Collected data
■ ■ ■ ■ ■ ■ ■
(* Let $\ket{\psi}$ be an $n$-qubit pure state and let $\mathbf{z}\in\{0,1\}^n$ satisfy $p_\psi(\mathbf{z})>0$. Let $P$ be any partition of $[n]$ such that $\ket{\psi}=\bigotimes_{\alpha\in P}\ket{\psi_\alpha}$ for pure states $\ket{\psi_\alpha}$ on the qubits in $\alpha$. Then for every block $\alpha\in P$, the Hamming weight of the substring $\mathbf{z}_\alpha=(z_i)_{i\in\alpha}$ is even. Equivalently, $\ket{\psi}$ cannot be a product with respect to any partition having a block on which the restriction of $\mathbf{z}$ has odd Hamming weight.
   Context: Parallelized controlled-SWAP test: for an $n$-qubit state $\ket{\psi}$, take two copies $\ket{\psi}^{\otimes 2}$ and let $\mathbb{F}^{(i)}$ denote the swap operator exchanging the $i$-th qubit of the first copy with the $i$-th qubit of the second copy. The probability of the outcome bitstring $\mathbf{z}\in\{0,1\}^n$ is $p_\psi(\mathbf{z})=\mathrm{Tr}\big[\big(\bigotimes_{i=1}^n\tfrac12(\mathbb{1}+(-1)^{z_i}\mathbb{F}^{(i)})\big)(\ket{\psi}\!\bra{\psi})^{\otimes 2}\big]$. *)

theory Defs
  imports Complex_Main "HOL-Library.Disjoint_Sets"
begin

text \<open>Qubits are indexed by natural numbers; the n-qubit register uses qubits 0..n-1.
  A computational basis string on a set of qubits A is a function nat => bool that is
  False outside A. A (pure) state vector on A is a function from such strings to complex
  amplitudes.\<close>

definition bitstrs :: "nat set \<Rightarrow> (nat \<Rightarrow> bool) set" where
  "bitstrs A = {x. \<forall>i. x i \<longrightarrow> i \<in> A}"

definition restr :: "nat set \<Rightarrow> (nat \<Rightarrow> bool) \<Rightarrow> (nat \<Rightarrow> bool)" where
  "restr A x = (\<lambda>i. x i \<and> i \<in> A)"

definition is_pure_state :: "nat set \<Rightarrow> ((nat \<Rightarrow> bool) \<Rightarrow> complex) \<Rightarrow> bool" where
  "is_pure_state A \<phi> \<longleftrightarrow> (\<Sum>x\<in>bitstrs A. (cmod (\<phi> x))\<^sup>2) = 1"

text \<open>Matrix element <x,y| Pi_z |x',y'> of the projector
  Pi_z = tensor_i (1/2)(1 + (-1)^{z_i} F^{(i)}) on two copies of n qubits,
  where F^{(i)} swaps qubit i of the first copy with qubit i of the second copy
  (single-site matrix element <a,b|F|a',b'> = [a = b'][b = a']).\<close>

definition swap_proj :: "nat \<Rightarrow> (nat \<Rightarrow> bool) \<Rightarrow> (nat \<Rightarrow> bool) \<times> (nat \<Rightarrow> bool)
    \<Rightarrow> (nat \<Rightarrow> bool) \<times> (nat \<Rightarrow> bool) \<Rightarrow> complex" where
  "swap_proj n z u v =
     (\<Prod>i<n. (1/2) * ((if fst u i = fst v i \<and> snd u i = snd v i then 1 else 0)
                      + (-1) ^ (if z i then 1 else 0) *
                        (if fst u i = snd v i \<and> snd u i = fst v i then 1 else 0)))"

text \<open>p_psi(z) = Tr[Pi_z (|psi><psi|)^{(x)2}] = sum_{u,v} (Pi_z)_{u,v} (rho (x) rho)_{v,u}.
  The trace is real; we take its real part to obtain a real number.\<close>

definition swap_prob :: "nat \<Rightarrow> ((nat \<Rightarrow> bool) \<Rightarrow> complex) \<Rightarrow> (nat \<Rightarrow> bool) \<Rightarrow> real" where
  "swap_prob n \<psi> z = Re (\<Sum>u\<in>bitstrs {..<n} \<times> bitstrs {..<n}. \<Sum>v\<in>bitstrs {..<n} \<times> bitstrs {..<n}.
      swap_proj n z u v * (\<psi> (fst v) * \<psi> (snd v) * cnj (\<psi> (fst u) * \<psi> (snd u))))"

end

theory Submission
  imports Defs
begin

text \<open>Exchanging the two copies on the qubits of a block \<open>A\<close> multiplies the projector
  \<open>\<Pi>\<^sub>z\<close> by \<open>(-1)\<^bsup>|z\<^sub>A|\<^esup>\<close>, while it leaves \<open>\<psi> \<otimes> \<psi>\<close> unchanged when \<open>\<psi>\<close> factorises
  across a partition containing \<open>A\<close>. Reindexing the trace by this exchange therefore gives
  \<open>p\<^sub>\<psi>(z) = (-1)\<^bsup>|z\<^sub>A|\<^esup> p\<^sub>\<psi>(z)\<close>, so \<open>p\<^sub>\<psi>(z) = 0\<close> as soon as \<open>|z\<^sub>A|\<close> is odd.\<close>

definition swap_copies :: "nat set \<Rightarrow> (nat \<Rightarrow> bool) \<times> (nat \<Rightarrow> bool) \<Rightarrow> (nat \<Rightarrow> bool) \<times> (nat \<Rightarrow> bool)" where
  "swap_copies A v =
     ((\<lambda>i. if i \<in> A then snd v i else fst v i), (\<lambda>i. if i \<in> A then fst v i else snd v i))"

lemma swap_copies_swap_copies [simp]: "swap_copies A (swap_copies A v) = v"
  by (auto simp: swap_copies_def)

lemma swap_copies_in_bitstrs:
  "v \<in> bitstrs N \<times> bitstrs N \<Longrightarrow> swap_copies A v \<in> bitstrs N \<times> bitstrs N"
  by (auto simp: swap_copies_def bitstrs_def)

lemma bij_betw_swap_copies:
  "bij_betw (swap_copies A) (bitstrs N \<times> bitstrs N) (bitstrs N \<times> bitstrs N)"
  by (rule bij_betw_byWitness[where f' = "swap_copies A"]) (simp_all add: image_subset_iff swap_copies_in_bitstrs del: mem_Times_iff)

lemma restr_swap_copies_subset:
  assumes "B \<subseteq> A"
  shows "restr B (fst (swap_copies A v)) = restr B (snd v)"
    and "restr B (snd (swap_copies A v)) = restr B (fst v)"
  using assms by (auto simp: restr_def swap_copies_def)

lemma restr_swap_copies_disjoint:
  assumes "B \<inter> A = {}"
  shows "restr B (fst (swap_copies A v)) = restr B (fst v)"
    and "restr B (snd (swap_copies A v)) = restr B (snd v)"
  using assms by (auto simp: restr_def swap_copies_def fun_eq_iff)

lemma swap_proj_swap_copies:
  assumes "A \<subseteq> {..<n}"
  shows "swap_proj n z u (swap_copies A v) = (-1) ^ card {i\<in>A. z i} * swap_proj n z u v"
proof -
  define s where "s i = (if i \<in> A \<and> z i then (-1::complex) else 1)" for i
  have factor: "(1/2) * ((if fst u i = fst (swap_copies A v) i \<and> snd u i = snd (swap_copies A v) i then 1 else 0)
                      + (-1) ^ (if z i then 1 else 0) *
                        (if fst u i = snd (swap_copies A v) i \<and> snd u i = fst (swap_copies A v) i then 1 else 0))
        = s i * ((1/2) * ((if fst u i = fst v i \<and> snd u i = snd v i then 1 else 0)
                      + (-1) ^ (if z i then 1 else 0) *
                        (if fst u i = snd v i \<and> snd u i = fst v i then 1 else 0)))" for i
    by (cases "i \<in> A"; cases "z i") (auto simp: swap_copies_def s_def algebra_simps)
  have "(\<Prod>i<n. s i) = (\<Prod>i\<in>{i\<in>{..<n}. i \<in> A \<and> z i}. (-1::complex))"
    unfolding s_def by (simp add: prod.If_cases Int_def)
  also have "{i\<in>{..<n}. i \<in> A \<and> z i} = {i\<in>A. z i}"
    using assms by auto
  finally have "(\<Prod>i<n. s i) = (-1) ^ card {i\<in>A. z i}"
    by simp
  moreover have "swap_proj n z u (swap_copies A v) = (\<Prod>i<n. s i) * swap_proj n z u v"
    unfolding swap_proj_def factor prod.distrib ..
  ultimately show ?thesis
    by simp
qed

lemma product_state_swap_copies:
  assumes "disjoint P" and "A \<in> P"
    and "\<forall>x\<in>bitstrs N. \<psi> x = (\<Prod>\<alpha>\<in>P. \<phi> \<alpha> (restr \<alpha> x))"
    and "v \<in> bitstrs N \<times> bitstrs N"
  shows "\<psi> (fst (swap_copies A v)) * \<psi> (snd (swap_copies A v)) = \<psi> (fst v) * \<psi> (snd v)"
proof -
  have factor: "\<phi> \<beta> (restr \<beta> (fst (swap_copies A v))) * \<phi> \<beta> (restr \<beta> (snd (swap_copies A v)))
      = \<phi> \<beta> (restr \<beta> (fst v)) * \<phi> \<beta> (restr \<beta> (snd v))" if "\<beta> \<in> P" for \<beta>
  proof (cases "\<beta> = A")
    case True
    then show ?thesis
      by (simp add: restr_swap_copies_subset mult.commute)
  next
    case False
    with \<open>\<beta> \<in> P\<close> assms(1,2) have "\<beta> \<inter> A = {}"
      by (auto simp: disjoint_def)
    then show ?thesis
      by (simp add: restr_swap_copies_disjoint)
  qed
  have two_copies: "\<psi> (fst w) * \<psi> (snd w) = (\<Prod>\<beta>\<in>P. \<phi> \<beta> (restr \<beta> (fst w)) * \<phi> \<beta> (restr \<beta> (snd w)))"
    if "w \<in> bitstrs N \<times> bitstrs N" for w
    using assms(3) that by (simp add: prod.distrib mem_Times_iff)
  show ?thesis
    using two_copies[OF swap_copies_in_bitstrs[OF assms(4)]] two_copies[OF assms(4)]
    by (simp add: factor cong: prod.cong)
qed

lemma swap_prob_eq_0_if_odd:
  assumes "A \<subseteq> {..<n}" and "odd (card {i\<in>A. z i})"
    and invariant: "\<And>v. v \<in> bitstrs {..<n} \<times> bitstrs {..<n} \<Longrightarrow>
      \<psi> (fst (swap_copies A v)) * \<psi> (snd (swap_copies A v)) = \<psi> (fst v) * \<psi> (snd v)"
  shows "swap_prob n \<psi> z = 0"
proof -
  define V where "V = bitstrs {..<n} \<times> bitstrs {..<n}"
  have inner_sum_0: "(\<Sum>v\<in>V. swap_proj n z u v * (\<psi> (fst v) * \<psi> (snd v) * c)) = 0" for u c
  proof -
    let ?g = "\<lambda>v. swap_proj n z u v * (\<psi> (fst v) * \<psi> (snd v) * c)"
    have "sum ?g V = sum (\<lambda>v. ?g (swap_copies A v)) V"
      using sum.reindex_bij_betw[OF bij_betw_swap_copies[of A "{..<n}"], of ?g] V_def by simp
    also have "\<dots> = sum (\<lambda>v. - ?g v) V"
    proof (rule sum.cong)
      fix v assume "v \<in> V"
      then have "\<psi> (fst (swap_copies A v)) * \<psi> (snd (swap_copies A v)) = \<psi> (fst v) * \<psi> (snd v)"
        unfolding V_def by (rule invariant)
      with assms(1,2) show "?g (swap_copies A v) = - ?g v"
        by (simp add: swap_proj_swap_copies)
    qed simp
    finally show ?thesis
      by (simp add: sum_negf)
  qed
  show ?thesis
    unfolding swap_prob_def V_def[symmetric] by (simp add: inner_sum_0)
qed

theorem proposition3:
  fixes n :: nat
    and \<psi> :: "(nat \<Rightarrow> bool) \<Rightarrow> complex"
    and z :: "nat \<Rightarrow> bool"
    and P :: "nat set set"
    and \<phi> :: "nat set \<Rightarrow> (nat \<Rightarrow> bool) \<Rightarrow> complex"
  assumes "is_pure_state {..<n} \<psi>"
    and "z \<in> bitstrs {..<n}"
    and "swap_prob n \<psi> z > 0"
    and "partition_on {..<n} P"
    and "\<forall>\<alpha>\<in>P. is_pure_state \<alpha> (\<phi> \<alpha>)"
    and "\<forall>x\<in>bitstrs {..<n}. \<psi> x = (\<Prod>\<alpha>\<in>P. \<phi> \<alpha> (restr \<alpha> x))"
  shows "\<forall>\<alpha>\<in>P. even (card {i\<in>\<alpha>. z i})"
proof (rule ccontr)
  assume "\<not> ?thesis"
  then obtain A where "A \<in> P" and "odd (card {i\<in>A. z i})"
    by auto
  moreover from \<open>A \<in> P\<close> assms(4) have "A \<subseteq> {..<n}"
    by (auto dest: partition_onD1)
  moreover have "disjoint P"
    using assms(4) by (rule partition_onD2)
  ultimately have "swap_prob n \<psi> z = 0"
    using assms(6) by (intro swap_prob_eq_0_if_odd product_state_swap_copies) auto
  with assms(3) show False
    by simp
qed

end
■ ■ ■ ■ ■ ■ ■
• Your assignment:
Each line carrying the string "ultimately" should be copied out from the entries.

• Exercise solution:
  ultimately show ?thesis
  ultimately have "swap_prob n \<psi> z = 0"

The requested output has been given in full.